I used ffmpeg to convert mp4s to wavs:

parallel -j6 -n1  ffmpeg -nostdin -i {} -vn -ar 16000 -ac 1 wav/{/.}.wav ::: video/*.mp4

Based on the distribution of audio lengths I've decided to pad each audio clip to 2**17 samples and repeating shorter clips and truncating longer ones:

proger@rt:~/coub-crawler/monthlyLog$ soxi -D wav/*.wav | hist -b 20 -p 🍄

 5644|           🍄
 5347|           🍄
 5050|           🍄
 4753|           🍄
 4456|           🍄
 4159|           🍄
 3862|           🍄
 3565|           🍄
 3268|           🍄
 2971|           🍄
 2674|           🍄
 2377|           🍄
 2080|           🍄
 1783|           🍄
 1486|           🍄
 1189|           🍄
  892|           🍄
  595|         🍄🍄🍄
  298|       🍄🍄🍄🍄🍄
    1| 🍄🍄🍄🍄🍄🍄🍄🍄🍄🍄🍄🍄🍄🍄🍄🍄🍄🍄🍄🍄🍄

----------------------------------
|            Summary             |
----------------------------------
|       observations: 9344       |
|      min value: 0.162562       |
|        mean : 9.168637         |
|      max value: 20.247812      |
----------------------------------

Training

The model is a VQ-VAE2 with large 2D convolution kernels over mel-spectrograms. To train you need a directory with 16-bit signed wav files of length 2**17 samples at rate of 16k samples per second.

% python3 -m boiler.train_vqvae --wav_dir /home/proger/coub-crawler/monthlyLog/wav --save_path exp/p_t64_b512 [--load_path exp/o_vectorquant_bigger_a/vqvae_084.pt]

To produce wav vectors I use a bag of the codebook words produced by the top level embedding. There are some other encoders in boiler.encoder.
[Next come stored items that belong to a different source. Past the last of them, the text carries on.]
lemma strictly_hyperbolic_perturbation:
  fixes f g :: "real poly"
  assumes f: "strictly_hyperbolic f" and g: "degree g \<le> degree f + 1"
  shows "\<forall>\<^sub>F \<epsilon> in at_right 0. hyperbolic (f + smult \<epsilon> g)"
proof -
  define R where "R = {r. poly f r = 0}"
  have f0: "f \<noteq> 0"
    using f by (simp add: strictly_hyperbolic_def hyperbolic_def)
  then have "finite R"
    by (simp add: R_def poly_roots_finite)
  obtain \<delta> where \<delta>: "\<delta> > 0"
    "\<And>r. poly f r = 0 \<Longrightarrow> poly f (r - \<delta>) * poly f (r + \<delta>) < 0"
    "\<And>r r'. poly f r = 0 \<Longrightarrow> poly f r' = 0 \<Longrightarrow> r \<noteq> r' \<Longrightarrow> 2 * \<delta> < \<bar>r - r'\<bar>"
    using sign_changes_at_simple_roots[OF f0 pderiv_nonzero_if_strictly_hyperbolic[OF f]] by blast
  obtain x where "poly f x \<noteq> 0"
    using f0 poly_all_0_iff_0 by blast
  have "\<forall>\<^sub>F \<epsilon> in at_right 0. poly (f + smult \<epsilon> g) x \<noteq> 0"
    using tendsto_poly_add_smult \<open>poly f x \<noteq> 0\<close> by (rule tendsto_imp_eventually_ne)
  moreover have "\<forall>\<^sub>F \<epsilon> in at_right 0. \<forall>r\<in>R.
      poly (f + smult \<epsilon> g) (r - \<delta>) * poly (f + smult \<epsilon> g) (r + \<delta>) < 0"
    using \<open>finite R\<close> \<delta>(2) unfolding R_def
    by (intro eventually_ball_finite ballI
        order_tendstoD(2)[OF tendsto_mult[OF tendsto_poly_add_smult tendsto_poly_add_smult]]) auto
  ultimately show ?thesis
  proof eventually_elim
    case (elim \<epsilon>)
    let ?p = "f + smult \<epsilon> g"
    have "?p \<noteq> 0"
      using elim(1) by (metis poly_0)
    have "degree f \<le> card {x. poly ?p x = 0}"
      using card_le_card_roots_if_sign_changes[OF \<open>finite R\<close> \<open>?p \<noteq> 0\<close> \<delta>(1)] elim(2) \<delta>(3)
        card_roots_strictly_hyperbolic[OF f] unfolding R_def by simp
    moreover have "degree ?p \<le> degree f + 1"
      using g by (intro degree_add_smult_le) auto
    ultimately show "hyperbolic ?p"
      using \<open>?p \<noteq> 0\<close> by (intro hyperbolic_if_card_roots) auto
  qed
qed

lemma norm_diff_lower_bound_if_Im_neg:
  fixes a :: complex
  assumes "Im a < 0"
  obtains k where "k > 0" "\<And>z. 0 \<le> Im z \<Longrightarrow> k * (1 + cmod z) \<le> cmod (z - a)"
proof
  define h where "h = - Im a"
  have "h > 0"
    using assms by (simp add: h_def)
  moreover have "1 + cmod a + h > 0"
    using \<open>h > 0\<close> norm_ge_zero[of a] by linarith
  ultimately show "h / (1 + cmod a + h) > 0"
    by simp
  fix z :: complex assume "0 \<le> Im z"
  then have "h \<le> cmod (z - a)"
    using abs_Im_le_cmod[of "z - a"] by (simp add: h_def)
  have "cmod z \<le> cmod (z - a) + cmod a"
    using norm_triangle_ineq2[of z a] by simp
  have "h * (1 + cmod z) \<le> h * (1 + cmod a + cmod (z - a))"
    using \<open>cmod z \<le> cmod (z - a) + cmod a\<close> \<open>h > 0\<close> by (intro mult_left_mono) auto
  also have "\<dots> = h * (1 + cmod a) + h * cmod (z - a)"
    by (simp add: algebra_simps)
  also have "\<dots> \<le> cmod (z - a) * (1 + cmod a) + h * cmod (z - a)"
    using \<open>h \<le> cmod (z - a)\<close> by (intro add_right_mono mult_right_mono) auto
  finally have "h * (1 + cmod z) \<le> (1 + cmod a + h) * cmod (z - a)"
    by (simp add: algebra_simps)
  then show "h / (1 + cmod a + h) * (1 + cmod z) \<le> cmod (z - a)"
    using \<open>1 + cmod a + h > 0\<close> by (simp add: field_simps)
qed

lemma strictly_stable_lower_bound:
  assumes "strictly_stable f"
  obtains k where "k > 0" "\<And>z. 0 \<le> Im z \<Longrightarrow> k * (1 + cmod z) ^ degree f \<le> cmod (poly f z)"
proof -
  obtain root where f: "smult (lead_coeff f) (\<Prod>i<degree f. [:-root i, 1:]) = f"
    using complex_poly_decompose' by blast
  have poly_f: "poly f z = lead_coeff f * (\<Prod>i<degree f. z - root i)" for z
    by (subst f [symmetric]) (simp add: poly_prod)
  have "Im (root i) < 0" if "i < degree f" for i
  proof -
    have "poly f (root i) = 0"
      unfolding poly_f using that by (auto intro: prod_zero)
    then show ?thesis
      using assms by (meson not_le strictly_stable_def)
  qed
  then have "\<exists>c>0. \<forall>z. 0 \<le> Im z \<longrightarrow> c * (1 + cmod z) \<le> cmod (z - root i)"
    if "i < degree f" for i
    using norm_diff_lower_bound_if_Im_neg that by metis
  then obtain k where k: "\<And>i. i < degree f \<Longrightarrow> k i > 0"
    "\<And>i z. i < degree f \<Longrightarrow> 0 \<le> Im z \<Longrightarrow> k i * (1 + cmod z) \<le> cmod (z - root i)"
    by metis
  have "lead_coeff f \<noteq> 0"
    using assms by (simp add: strictly_stable_def)
  show ?thesis
  proof
    show "cmod (lead_coeff f) * (\<Prod>i<degree f. k i) > 0"
      using k(1) \<open>lead_coeff f \<noteq> 0\<close> by (intro mult_pos_pos prod_pos) auto
    fix z :: complex assume "0 \<le> Im z"
    have "cmod (lead_coeff f) * (\<Prod>i<degree f. k i) * (1 + cmod z) ^ degree f
        = cmod (lead_coeff f) * (\<Prod>i<degree f. k i * (1 + cmod z))"
      by (simp add: prod.distrib)
    also have "\<dots> \<le> cmod (lead_coeff f) * (\<Prod>i<degree f. cmod (z - root i))"
      using k \<open>0 \<le> Im z\<close> by (intro mult_left_mono prod_mono) (auto simp: less_imp_le)
    also have "\<dots> = cmod (poly f z)"
      by (simp add: poly_f norm_mult prod_norm)
    finally show "cmod (lead_coeff f) * (\<Prod>i<degree f. k i) * (1 + cmod z) ^ degree f
        \<le> cmod (poly f z)" .
  qed
qed

lemma norm_poly_le_coeff_sum:
  fixes p :: "'a::real_normed_field poly"
  assumes "degree p \<le> n"
  shows "norm (poly p z) \<le> (\<Sum>i\<le>degree p. norm (coeff p i)) * (1 + norm z) ^ n"
proof -
  have "norm (poly p z) \<le> (\<Sum>i\<le>degree p. norm (coeff p i * z ^ i))"
    unfolding poly_altdef by (rule norm_sum)
  also have "\<dots> \<le> (\<Sum>i\<le>degree p. norm (coeff p i) * (1 + norm z) ^ n)"
  proof (intro sum_mono)
    fix i assume "i \<in> {..degree p}"
    have "norm z ^ i \<le> (1 + norm z) ^ i"
      by (intro power_mono) auto
    also have "\<dots> \<le> (1 + norm z) ^ n"
      using \<open>i \<in> {..degree p}\<close> assms by (intro power_increasing) auto
    finally have "norm z ^ i \<le> (1 + norm z) ^ n" .
    then show "norm (coeff p i * z ^ i) \<le> norm (coeff p i) * (1 + norm z) ^ n"
      by (simp add: norm_mult norm_power mult_left_mono)
  qed
  also have "\<dots> = (\<Sum>i\<le>degree p. norm (coeff p i)) * (1 + norm z) ^ n"
    by (simp add: sum_distrib_right)
  finally show ?thesis .
qed

lemma strictly_stable_dominates:
  assumes f: "strictly_stable f" and g: "degree g \<le> degree f"
  obtains M where "M > 0" "\<And>z. 0 \<le> Im z \<Longrightarrow> cmod (poly g z) \<le> M * cmod (poly f z)"
proof -
  obtain k where k: "k > 0" "\<And>z. 0 \<le> Im z \<Longrightarrow> k * (1 + cmod z) ^ degree f \<le> cmod (poly f z)"
    using strictly_stable_lower_bound[OF f] by blast
  define C where "C = (\<Sum>i\<le>degree g. cmod (coeff g i))"
  have "C \<ge> 0"
    by (simp add: C_def sum_nonneg)
  show ?thesis
  proof
    show "C / k + 1 > 0"
      using \<open>C \<ge> 0\<close> \<open>k > 0\<close> by (simp add: add_nonneg_pos)
    fix z :: complex assume "0 \<le> Im z"
    have "cmod (poly g z) \<le> C * (1 + cmod z) ^ degree f"
      unfolding C_def using g by (rule norm_poly_le_coeff_sum)
    also have "\<dots> = C / k * (k * (1 + cmod z) ^ degree f)"
      using \<open>k > 0\<close> by simp
    also have "\<dots> \<le> C / k * cmod (poly f z)"
      using k(2)[OF \<open>0 \<le> Im z\<close>] \<open>C \<ge> 0\<close> \<open>k > 0\<close> by (intro mult_left_mono) auto
    also have "\<dots> \<le> (C / k + 1) * cmod (poly f z)"
      by (simp add: distrib_right)
    finally show "cmod (poly g z) \<le> (C / k + 1) * cmod (poly f z)" .
  qed
qed

lemma strictly_stable_perturbation:
  assumes f: "strictly_stable f" and g: "degree g \<le> degree f"
  shows "\<forall>\<^sub>F \<epsilon> in at 0. strictly_stable (f + smult \<epsilon> g)"
proof -
  obtain M where M: "M > 0" "\<And>z. 0 \<le> Im z \<Longrightarrow> cmod (poly g z) \<le> M * cmod (poly f z)"
    using strictly_stable_dominates[OF f g] by blast
  have "((\<lambda>\<epsilon>. cmod \<epsilon> * M) \<longlongrightarrow> cmod 0 * M) (at 0)"
    by (intro tendsto_intros)
  then have "\<forall>\<^sub>F \<epsilon> in at 0. cmod \<epsilon> * M < 1"
    by (rule order_tendstoD(2)) simp
  then show ?thesis
  proof (rule eventually_mono)
    fix \<epsilon> :: complex assume small: "cmod \<epsilon> * M < 1"
    have nonzero: "poly (f + smult \<epsilon> g) z \<noteq> 0" if "0 \<le> Im z" for z
    proof
      assume "poly (f + smult \<epsilon> g) z = 0"
      then have "cmod (poly f z) = cmod (\<epsilon> * poly g z)"
        by (simp add: add_eq_0_iff2)
      also have "\<dots> \<le> cmod \<epsilon> * (M * cmod (poly f z))"
        using M(2)[OF that] by (simp add: norm_mult mult_left_mono)
      also have "\<dots> < cmod (poly f z)"
        using small f that by (simp add: strictly_stable_def)
      finally show False by simp
    qed
    then have "f + smult \<epsilon> g \<noteq> 0"
      by (metis poly_0 zero_complex.sel(2) order_refl)
    with nonzero show "strictly_stable (f + smult \<epsilon> g)"
      by (simp add: strictly_stable_def)
  qed
qed

lemma hyperbolic_image_if_kernel_strictly_hyperbolic:
  assumes T: "linear_on_deg m T" "preserves_hyperbolicity m T"
    and f: "strictly_hyperbolic f" "degree f \<le> m" "m \<le> degree f + 1" "T f = 0"
    and g: "degree g \<le> m"
  shows "hyperbolic (T g) \<or> T g = 0"
proof -
  have "degree g \<le> degree f + 1"
    using f(3) g by linarith
  then have "\<forall>\<^sub>F \<epsilon> in at_right 0. \<epsilon> > 0 \<and> hyperbolic (f + smult \<epsilon> g)"
    by (intro eventually_conj eventually_at_right_less strictly_hyperbolic_perturbation[OF f(1)])
  then obtain \<epsilon> :: real where "\<epsilon> > 0" "hyperbolic (f + smult \<epsilon> g)"
    using eventually_happens'[OF trivial_limit_at_right_real] by blast
  moreover have "degree (f + smult \<epsilon> g) \<le> m"
    using f(2) g by (rule degree_add_smult_le)
  ultimately have "hyperbolic (T (f + smult \<epsilon> g)) \<or> T (f + smult \<epsilon> g) = 0"
    using T(2) by (simp add: preserves_hyperbolicity_def)
  then show ?thesis
    using \<open>\<epsilon> > 0\<close> linear_on_deg_add_smult_kernel[OF T(1) f(2) g f(4)]
    by (simp add: hyperbolic_smult_iff)
qed

lemma stable_image_if_kernel_strictly_stable:
  assumes T: "linear_on_deg m T" "preserves_stability m T"
    and f: "strictly_stable f" "degree f = m" "T f = 0"
    and g: "degree g \<le> m"
  shows "stable (T g) \<or> T g = 0"
proof -
  have "degree g \<le> degree f"
    using f(2) g by simp
  then have "\<forall>\<^sub>F \<epsilon> in at 0. \<epsilon> \<noteq> 0 \<and> strictly_stable (f + smult \<epsilon> g)"
    by (intro eventually_conj eventually_neq_at_within strictly_stable_perturbation[OF f(1)])
  then obtain \<epsilon> :: complex where "\<epsilon> \<noteq> 0" "strictly_stable (f + smult \<epsilon> g)"
    using eventually_happens'[OF at_neq_bot] by blast
  moreover have "degree (f + smult \<epsilon> g) \<le> m"
    using f(2) g by (intro degree_add_smult_le) auto
  ultimately have "stable (T (f + smult \<epsilon> g)) \<or> T (f + smult \<epsilon> g) = 0"
    using T(2) strictly_stable_imp_stable by (simp add: preserves_stability_def)
  then show ?thesis
    using \<open>\<epsilon> \<noteq> 0\<close> linear_on_deg_add_smult_kernel[OF T(1) _ g f(3)] f(2)
    by (simp add: stable_smult_iff)
qed

theorem mainTheorem12:
  shows "(\<forall>(n::nat) (T::real poly \<Rightarrow> real poly) (f::real poly).
            linear_on_deg (n + 1) T \<and> preserves_hyperbolicity (n + 1) T \<and>
            strictly_hyperbolic f \<and> (degree f = n \<or> degree f = n + 1) \<and> T f = 0
            \<longrightarrow> (\<forall>g. degree g \<le> n + 1 \<longrightarrow> hyperbolic (T g) \<or> T g = 0))
       \<and> (\<forall>(n::nat) (T::complex poly \<Rightarrow> complex poly) (f::complex poly).
            linear_on_deg n T \<and> preserves_stability n T \<and>
            strictly_stable f \<and> degree f = n \<and> T f = 0
            \<longrightarrow> (\<forall>g. degree g \<le> n \<longrightarrow> stable (T g) \<or> T g = 0))"
proof (intro conjI allI impI; elim conjE)
  fix n :: nat and T :: "real poly \<Rightarrow> real poly" and f g :: "real poly"
  assume T: "linear_on_deg (n + 1) T" "preserves_hyperbolicity (n + 1) T"
    and f: "strictly_hyperbolic f" "degree f = n \<or> degree f = n + 1" "T f = 0"
    and g: "degree g \<le> n + 1"
  from f(2) have deg_f: "degree f \<le> n + 1" "n + 1 \<le> degree f + 1"
    by auto
  show "hyperbolic (T g) \<or> T g = 0"
    by (rule hyperbolic_image_if_kernel_strictly_hyperbolic[OF T f(1) deg_f f(3) g])
next
  fix n :: nat and T :: "complex poly \<Rightarrow> complex poly" and f g :: "complex poly"
  assume "linear_on_deg n T" "preserves_stability n T" "strictly_stable f" "degree f = n"
    "T f = 0" "degree g \<le> n"
  then show "stable (T g) \<or> T g = 0"
    by (rule stable_image_if_kernel_strictly_stable)
qed

end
Every encoder is an instance of torch.nn.Module and expects a normalized (see torchaudio.load) float WAV input of shape (N, 1, 2**17) that outputs a vector of (N, D) where D is encoder-specific (currently 64).

The encoder is currently around 10M parameters due to large convolution kernels but could probably be made smaller.

The quality of the model is currently checked manually by looking at Tensorflow Projector embeddings, potentially it may be possible to test embeddings using the GTZAN or MagnaTagATune datasets by defining successful recall as having embedded neighbors of query audios be of the same genre/having the same tags.

Compiling the Encoder and Indexing the Dataset

Indexing produces a list of url mappings (metadata.tsv), a list of tensors in the same order (tensors.tsv), a JIT-ready TorchScript module (encoder.pt) that converts single-channel wavs to embeddings.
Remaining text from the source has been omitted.